Há aqui dentro, na minha cabeça, um espaço minúsculo, entre o aneurisma cerebral em formação e o Alzheimer a instalar-se, onde se alojam as ideias das coisas que aqui escrevo. Assim, e como tiveram já ensejo de comprovar, porque não são nada atraentes os bastidores da minha escrita, espero que, doravante, me situem nessa área que fica entre o meditativo e o parvo. Mais para perto do último, bem se vê. Lamento a desilusão. 

sexta-feira, 2 de maio de 2014

peditório

Acho um nojo essa coisa de dar em peditórios que nos colam coisas no peito. Como um rótulo. Dar dispensa esse gesto soez da propaganda. Do mostrar que dei. Essa pompa pequenina. Quando o donativo se veste de contrapartida o acto tende ao alarde. O proveito torna-o ordinário. Não sei porquê mas cada vez mais sinto que já não tenho tempo a perder com vaidades e ostentações. Deve ser porque há quem só viva delas. E delas se alimente.

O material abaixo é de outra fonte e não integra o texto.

(* Let $M_\varphi$ be a hyperbolic once-punctured torus bundle with fibre $S$, and let $\overline\rho\colon\pi_1(S)\to\mathrm{PSL}(2,\mathbb{C})$ be irreducible. If $\chi_{\overline\rho}\in\mathrm{im}(\overline r)$ and $|C(\mathrm{im}(\overline\rho))|=2$, then $|\overline r^{-1}(\chi_{\overline\rho})|=2$ and $b_1(\varphi)>1$. Moreover, either no character in $\overline r^{-1}(\chi_{\overline\rho})$ lifts to $X(M_\varphi)$; or exactly one lifts and $b_1(\varphi)=3$; or two of them lift and $b_1(\varphi)=2$.
   Context: $\pi_1(M_\varphi)=\langle t,a,b\mid t^{-1}at=\varphi(a),t^{-1}bt=\varphi(b)\rangle$ with $a,b$ free generators of $\pi_1(S)$; $b_1(\varphi)=\dim_{\mathbb{Z}_2}H_1(M_\varphi;\mathbb{Z}_2)$. $\overline X(N)$ is the $\mathrm{PSL}(2,\mathbb{C})$-character variety, $X(N)$ the $\mathrm{SL}(2,\mathbb{C})$-character variety; a character in $\overline X(M_\varphi)$ lifts to $X(M_\varphi)$ if it is the image of a point of $X(M_\varphi)$ under the map induced by $\mathrm{SL}(2,\mathbb{C})\to\mathrm{PSL}(2,\mathbb{C})$. $\overline r\colon\overline X(M_\varphi)\to\overline X(S)$ is restriction to $\pi_1(S)$. $C(\cdot)$ denotes centraliser in $\mathrm{PSL}(2,\mathbb{C})$. *)

theory Defs
  imports "HOL-Analysis.Analysis"
begin

section \<open>Words: generators a, b of pi_1(S) and t of pi_1(M_phi)\<close>

datatype gen = Ga | Gb | Gt

type_synonym letter = "gen \<times> bool"   (* (g, False) = g, (g, True) = g^-1 *)
type_synonym word = "letter list"

definition letters :: "word \<Rightarrow> gen set" where
  "letters w = fst ` set w"

definition surface_word :: "word \<Rightarrow> bool" where
  "surface_word w \<longleftrightarrow> letters w \<subseteq> {Ga, Gb}"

quinta-feira, 1 de maio de 2014

dissimulação s.f.f.

Perdoe-se-me o aparte irónico  mas não sou lá grande espingarda em matéria de sorrisos vazios. Eu bem procuro que não se notem, é certo, mas nem assim consigo evitar que me saiam entre o fingido e a imitação. Especialmente quando por razões que não interessa agora detalhar alguém faz questão de me oferecer uma importância que não tenho. Esse, então, é um domínio em que o acto de esconder não me garante nunca aquela circunstancial e esperada polida elegância. Nem quando é fácil e me aguento, contido e direitinho, muito menos quando é difícil e fico todo entrevadinho, incapaz de cínicos gestos de delicadeza e agradecimento. É que, dívidas e dependências não as tenho, e, para submissões já é tarde. O que tenho, e de sobra por sinal, é a tranquila certeza de que cheguei a esta idade sem sonhos para alimentar ou ilusões por criar.